Pertanyaan menggelitik muncul, kenapa yang mustinya sawah untuk menanam padi di ganti dengan ubi jalar. Jawaban realistis muncul dari pak Kepala Dusun Srumbung Jurang “mudah ditanam, cepat menghasilkan, mudah menjual, harga lebih bagus dari padi dan menguntungkan”. Tak heran jika dalam 1 hektar sawah bisa menghasilkan uang 12-24 juta dari menanam Ubi Jalar. Nilai yang fantastis, sebab bisa mendapatkan hasil 2 kali lipat dibanding dengan menanam padi. Tidak heran jika sawah-sawah di daerah tersebut beralih fungsi yang semula ditanami padi sekarang ditanami Ubi Jalar.
Tidak semua berkutat dengan Ubi jalar, namun padi tetap mendapat giliran. Usai panen padi, sawah di keringkan, lalu di bajak, di pupuk baru di tanami ubi jalar. usia tanam hingga panen berikisar 4-6 bulan, setelah itu bisa di tanamai Ubi jalar tahap yang ke-2 dan usai itu baru ditanami padi kembali. 2 jenis varietas yang dikembangkan, yakni varietas Ac yang perkilo dihargai Rp 2.500,00 dan Nusantara Rp. 2000.00. Petani juga tidak usah pusing menjual, karena tangkulak datang langsung untuk membeli dan mengangkutnya.
Menurut informasi, ubi jalar yang dibeli oleng para tengkulak akan dibawa di industri saus.
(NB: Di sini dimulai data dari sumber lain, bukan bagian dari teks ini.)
definition W1 :: "complex \<Rightarrow> complex \<Rightarrow> complex \<Rightarrow> nat \<Rightarrow> complex \<Rightarrow> complex \<Rightarrow> complex
                   \<Rightarrow> (nat \<Rightarrow> nat) \<Rightarrow> (nat \<Rightarrow> nat) \<Rightarrow> complex" where
  "W1 q p t N x a b lam mu =
    (if interlace N lam mu then
      (let L = pt N lam; M = pt N mu; P = epochP p q t N; T = (\<lambda>s. t powi s) in
       Hfac q p t b N lam mu
       * (P (inverse x) lam * P (a * x) lam * P (q * b * x / t) mu * P (q * b / (a * x * t)) mu)
       / (P (inverse x) mu * P (a * x) mu * P (q * b * x) lam * P (q * b / (a * x)) lam)
       * (\<Prod>i\<in>{1..N}. let ii = int i in
           Eth p (b * T (1 - 2 * ii) * q powi (2 * M i)) / Eth p (b * T (1 - 2 * ii))
           * (epoch p q (b * T (1 - 2 * ii)) (M i + L (i + 1))
              / epoch p q (b * q * T (- 2 * ii)) (M i + L (i + 1)))
           * T (ii * (M i - L (i + 1)))))
     else 0)"

definition interl_set :: "nat \<Rightarrow> (nat \<Rightarrow> nat) \<Rightarrow> (nat \<Rightarrow> nat) set" where
  "interl_set N lam = {nu. (\<forall>i. (i < 1 \<or> N < i) \<longrightarrow> nu i = 0) \<and> interlace N lam nu}"

fun Wm :: "complex \<Rightarrow> complex \<Rightarrow> complex \<Rightarrow> nat \<Rightarrow> complex list \<Rightarrow> complex \<Rightarrow> complex
             \<Rightarrow> (nat \<Rightarrow> nat) \<Rightarrow> (nat \<Rightarrow> nat) \<Rightarrow> complex" where
  "Wm q p t N [] a b lam mu = (if (\<forall>i\<in>{1..N}. pt N lam i = pt N mu i) then 1 else 0)"
| "Wm q p t N (y # zs) a b lam mu =
     (\<Sum>nu\<in>interl_set N lam.
        W1 q p t N (y * t powi (- int (length zs))) (a * t powi (2 * int (length zs)))
           (b * t powi (int (length zs))) lam nu
        * Wm q p t N zs a b nu mu)"

text \<open>Genericity: q,t,a,b,x_i nonzero, and no nontrivial Laurent monomial in q,t,a,b,x_i
  lies in p^Z (so no E-factor with a nontrivial argument vanishes).\<close>
definition generic_params :: "complex \<Rightarrow> complex \<Rightarrow> complex \<Rightarrow> complex \<Rightarrow> complex \<Rightarrow> complex list \<Rightarrow> bool" where
  "generic_params p q t a b xs \<longleftrightarrow>
     q \<noteq> 0 \<and> t \<noteq> 0 \<and> a \<noteq> 0 \<and> b \<noteq> 0 \<and> (\<forall>x\<in>set xs. x \<noteq> 0) \<and>
     (\<forall>(r::int) (s::int) (\<alpha>::int) (\<beta>::int) (\<gamma>::nat \<Rightarrow> int) (m::int).
        (r \<noteq> 0 \<or> s \<noteq> 0 \<or> \<alpha> \<noteq> 0 \<or> \<beta> \<noteq> 0 \<or> (\<exists>i<length xs. \<gamma> i \<noteq> 0)) \<longrightarrow>
        q powi r * t powi s * a powi \<alpha> * b powi \<beta> * (\<Prod>i<length xs. (xs ! i) powi \<gamma> i) \<noteq> p powi m)"

end

theory Submission
  imports Defs
begin

text \<open>
  Since \<open>E(1) = 0\<close>, the factor \<open>(x\<^sup>-\<^sup>1)\<^sub>\<nu>\<close> makes the one-variable function
  \<open>W\<^sub>\<nu>\<^sub>/\<^sub>\<rho>(1)\<close> vanish unless \<open>\<nu>\<^sub>1 = 0\<close>; in the branching recursion each variable of the
  tail \<open>t\<^sup>k\<^sup>-\<^sup>1, \<dots>, t, 1\<close> is shifted to exactly \<open>1\<close>, so \<open>W\<^sub>\<nu>(t\<^sup>k\<^sup>-\<^sup>1, \<dots>, 1) = \<delta>\<^sub>\<nu>\<^sub>,\<^sub>0\<close>.
  Branching off the remaining \<open>n - k\<close> variables one at a time, interlacing keeps every
  intermediate partition supported on the first \<open>n - k\<close> parts, and a \<open>W\<close> with fewer
  variables than nonzero parts vanishes; on the surviving terms the one-variable \<open>W\<close> for
  \<open>n\<close> parts equals the one for \<open>n - k\<close> parts, since all extra factors are \<open>1\<close>. The \<open>k\<close>
  tail variables only contribute the shifts \<open>x t\<^sup>-\<^sup>k, a t\<^sup>2\<^sup>k, b t\<^sup>k\<close> of the recursion.
\<close>

lemma convergent_prod_qpinf:
  fixes p x :: "'a :: {real_normed_field, banach}"
  assumes "norm p < 1"
  shows "convergent_prod (\<lambda>k. 1 - x * p ^ k)"
proof -
  have "summable (\<lambda>k. norm x * norm p ^ k)"
    using assms by (intro summable_mult summable_geometric) simp
  moreover have "norm ((1 - x * p ^ k) - 1) = norm x * norm p ^ k" for k
    by (simp add: norm_mult norm_power)
  ultimately have "summable (\<lambda>k. norm ((1 - x * p ^ k) - 1))"
    by simp
  then show ?thesis
    by (intro abs_convergent_prod_imp_convergent_prod summable_imp_abs_convergent_prod)
qed

lemma qpinf_1: "norm p < 1 \<Longrightarrow> qpinf p 1 = 0"
  unfolding qpinf_def
  using has_prod_zeroI[OF convergent_prod_has_prod[OF convergent_prod_qpinf], of p 1 0] by simp

lemma qpinf_nonzero:
  assumes "norm p < 1" "\<And>k. x * p ^ k \<noteq> 1"
  shows "qpinf p x \<noteq> 0"
  unfolding qpinf_def
  by (rule prodinf_nonzero[OF convergent_prod_qpinf[OF assms(1)]]) (use assms(2) in auto)

lemma Eth_1: "norm p < 1 \<Longrightarrow> Eth p 1 = 0"
  by (simp add: Eth_def qpinf_1)

lemma Eth_nonzero:
  assumes "norm p < 1" "x \<noteq> 0" "\<And>m. x \<noteq> p powi m"
  shows "Eth p x \<noteq> 0"
proof -
  have "x * p ^ k \<noteq> 1" for k
  proof
    assume "x * p ^ k = 1"
    then have "inverse (p ^ k) = x"
      by (simp add: inverse_unique mult.commute)
    then have "x = p powi (- int k)"
      by (simp add: power_int_minus)
    with assms(3) show False by blast
  qed
  moreover have "p / x * p ^ k \<noteq> 1" for k
  proof
    assume "p / x * p ^ k = 1"
    then have "x = p ^ Suc k"
      using assms(2) by (simp add: field_simps)
    then have "x = p powi int (Suc k)"
      by (simp only: power_int_of_nat)
    with assms(3) show False by blast
  qed
  ultimately show ?thesis
    unfolding Eth_def using qpinf_nonzero[OF assms(1)] by simp
qed

lemma epoch_0 [simp]: "epoch p q a 0 = 1"
  by (simp add: epoch_def)

lemma pt_eq_0_beyond: "N < i \<Longrightarrow> pt N lam i = 0"
  by (simp add: pt_def)

lemma pt_truncate:
  assumes "N \<le> n" "\<forall>i\<in>{N<..n}. lam i = 0"
  shows "pt n lam = pt N lam"
  using assms by (auto simp: pt_def fun_eq_iff)

lemma prod_triangle_truncate:
  fixes f :: "nat \<Rightarrow> nat \<Rightarrow> 'a :: comm_monoid_mult"
  assumes "N \<le> n" "d \<le> c" "\<And>i j. N + d < j \<Longrightarrow> j \<le> n + d \<Longrightarrow> f i j = 1"
  shows "(\<Prod>i\<in>{1..n}. \<Prod>j\<in>{i+c..n+d}. f i j) = (\<Prod>i\<in>{1..N}. \<Prod>j\<in>{i+c..N+d}. f i j)"
proof -
  have "(\<Prod>j\<in>{i+c..n+d}. f i j) = (\<Prod>j\<in>{i+c..N+d}. f i j)" for i
    using assms by (intro prod.mono_neutral_right) auto
  then have "(\<Prod>i\<in>{1..n}. \<Prod>j\<in>{i+c..n+d}. f i j) = (\<Prod>i\<in>{1..n}. \<Prod>j\<in>{i+c..N+d}. f i j)"
    by simp
  also have "\<dots> = (\<Prod>i\<in>{1..N}. \<Prod>j\<in>{i+c..N+d}. f i j)"
    using assms by (intro prod.mono_neutral_right) auto
  finally show ?thesis .
qed

lemma epochP_truncate:
  assumes "N \<le> n" "\<forall>i\<in>{N<..n}. lam i = 0"
  shows "epochP p q t n a lam = epochP p q t N a lam"
  unfolding epochP_def pt_truncate[OF assms]
  using assms(1) by (intro prod.mono_neutral_right) (auto simp: pt_eq_0_beyond)

lemma interlace_truncate:
  assumes "N \<le> n" "\<forall>i\<in>{N<..n}. lam i = 0" "\<forall>i\<in>{N<..n}. mu i = 0"
  shows "interlace n lam mu = interlace N lam mu"
  unfolding interlace_def pt_truncate[OF assms(1,2)] pt_truncate[OF assms(1,3)]
  using assms(1) by (auto simp: pt_eq_0_beyond)

text \<open>The factors with \<open>j = N + 1\<close> have length \<open>\<mu>\<^sub>N - \<lambda>\<^sub>N\<^sub>+\<^sub>1\<close>, hence \<open>\<mu>\<^sub>N = 0\<close> is needed.\<close>
lemma Hfac_truncate:
  assumes "N \<le> n" "\<forall>i\<in>{N<..n}. lam i = 0" "\<forall>i\<in>{N..n}. mu i = 0"
  shows "Hfac q p t b n lam mu = Hfac q p t b N lam mu"
proof -
  have mu: "\<forall>i\<in>{N<..n}. mu i = 0"
    using assms(3) by auto
  have "pt N mu i = 0" if "N \<le> i" for i
    using that assms(1,3) by (auto simp: pt_def)
  then show ?thesis
    unfolding Hfac_def Let_def pt_truncate[OF assms(1,2)] pt_truncate[OF assms(1) mu]
    using assms(1) by (intro arg_cong2[where f = "(*)"]
        prod_triangle_truncate[where d = 0, unfolded add_0_right] prod_triangle_truncate)
      (auto simp: pt_eq_0_beyond)
qed

lemma W1_truncate:
  assumes "N \<le> n" "\<forall>i\<in>{N<..n}. lam i = 0" "\<forall>i\<in>{N..n}. mu i = 0"
    and "\<And>i. N < i \<Longrightarrow> i \<le> n \<Longrightarrow> Eth p (b * t powi (1 - 2 * int i)) \<noteq> 0"
  shows "W1 q p t n x a b lam mu = W1 q p t N x a b lam mu"
proof -
  have mu: "\<forall>i\<in>{N<..n}. mu i = 0"
    using assms(3) by auto
  have "pt N mu i = 0" if "N \<le> i" for i
    using that assms(1,3) by (auto simp: pt_def)
  then show ?thesis
    unfolding W1_def Let_def epochP_truncate[OF assms(1,2)] epochP_truncate[OF assms(1) mu]
      Hfac_truncate[OF assms(1-3)] interlace_truncate[OF assms(1,2) mu]
      pt_truncate[OF assms(1,2)] pt_truncate[OF assms(1) mu]
    using assms(1,4) by (intro if_cong arg_cong2[where f = "(*)"] prod.mono_neutral_right refl)
      (auto simp: pt_eq_0_beyond)
qed

lemma interl_set_truncate:
  assumes "N \<le> n" "\<forall>i\<in>{N<..n}. lam i = 0"
  shows "interl_set n lam = interl_set N lam"
proof (intro set_eqI iffI)
  fix nu
  assume nu: "nu \<in> interl_set n lam"
  have vanishes: "\<forall>i\<in>{N<..n}. nu i = 0"
  proof
    fix i
    assume i: "i \<in> {N<..n}"
    then have "pt n nu i \<le> pt n lam i"
      using nu assms(1) by (auto simp: interl_set_def interlace_def)
    then show "nu i = 0"
      using i assms by (simp add: pt_def)
  qed
  moreover have "nu i = 0" if "i < 1 \<or> N < i" for i
    using nu that vanishes by (cases "i \<le> n") (auto simp: interl_set_def)
  ultimately show "nu \<in> interl_set N lam"
    using nu interlace_truncate[OF assms] unfolding interl_set_def by auto
next
  fix nu
  assume nu: "nu \<in> interl_set N lam"
  then have "\<forall>i\<in>{N<..n}. nu i = 0"
    by (simp add: interl_set_def)
  then show "nu \<in> interl_set n lam"
    using nu assms(1) interlace_truncate[OF assms] by (auto simp: interl_set_def)
qed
Ubi jalar menjadi bahan baku utama dalam pembuatan saus, sehingga membutuhkan material dalam jumlah banyak dan kontinyu. Satu pertanyaan kembali muncul, apakah penduduk setempat yang menanam ubi jalar juga mengkonsumsinya?. Jawaban yang muncul adalah tidak, sebab ubi jalar sebagian besar di jual. Hanya beberapa saja yang dikonsumsi, sebab ubi jalar jenis ini tidak tahan lama waktu penyimpanannya.
Menamam untuk di jual dan jarang yang dikonsumsi sendiri, itulah yang terjadi. Apakah tidak ada teknologi bagaimana mengolah ubi jalar selain dibuat saus. Mungkin dibuat tepung, keripik, dodol yang intinya produk turunannya. Karena potensi karbohidrat yang tinggi bisa menjadi potensi bahan baku industri alkohol atau bio etanol. Sangat disayangkan jika, produk yang melimpah tersebut hanya masuk dalam gudang pabrik saus saja tanpa ada produk turunan lain yang nilainya mungkin bisa lebih besar daripada sebotol saus.
Tanah kita yang subur ibarat kolam susu, batu dan kayu jadi tanaman “kata Koes Plus” sangat sayang jika hasil buminya tidak bisa di apresisasi. Tugas siapa yang bisa mengubah barang yang bernilai sekilo 2000 perak bisa berkali lipat?. Banyak sekolah dan perguruan tinggi yang mampu mencetak lulusan dengan kemampuan melipat gandakan. Kolaborasikan sumberdaya alam dan manusia, pasti yakin akan jauh lebih bermanfaat dari pada pusing mikir BBM naik.

About dhaverst

Dhanang DhaVe I'm a Biologist who is trapped in photography world, adventure, and journalism but I enjoy it..!

No comments

  1. laurentiadewi said: Nah, enakan gitu :)Tp kl pergi jauh di bumi nusantara *ceileh* dan nguras fisik, sebisa mungkin emang aku usahain makan nasi sih. Biar ga msk angin *sugesti*.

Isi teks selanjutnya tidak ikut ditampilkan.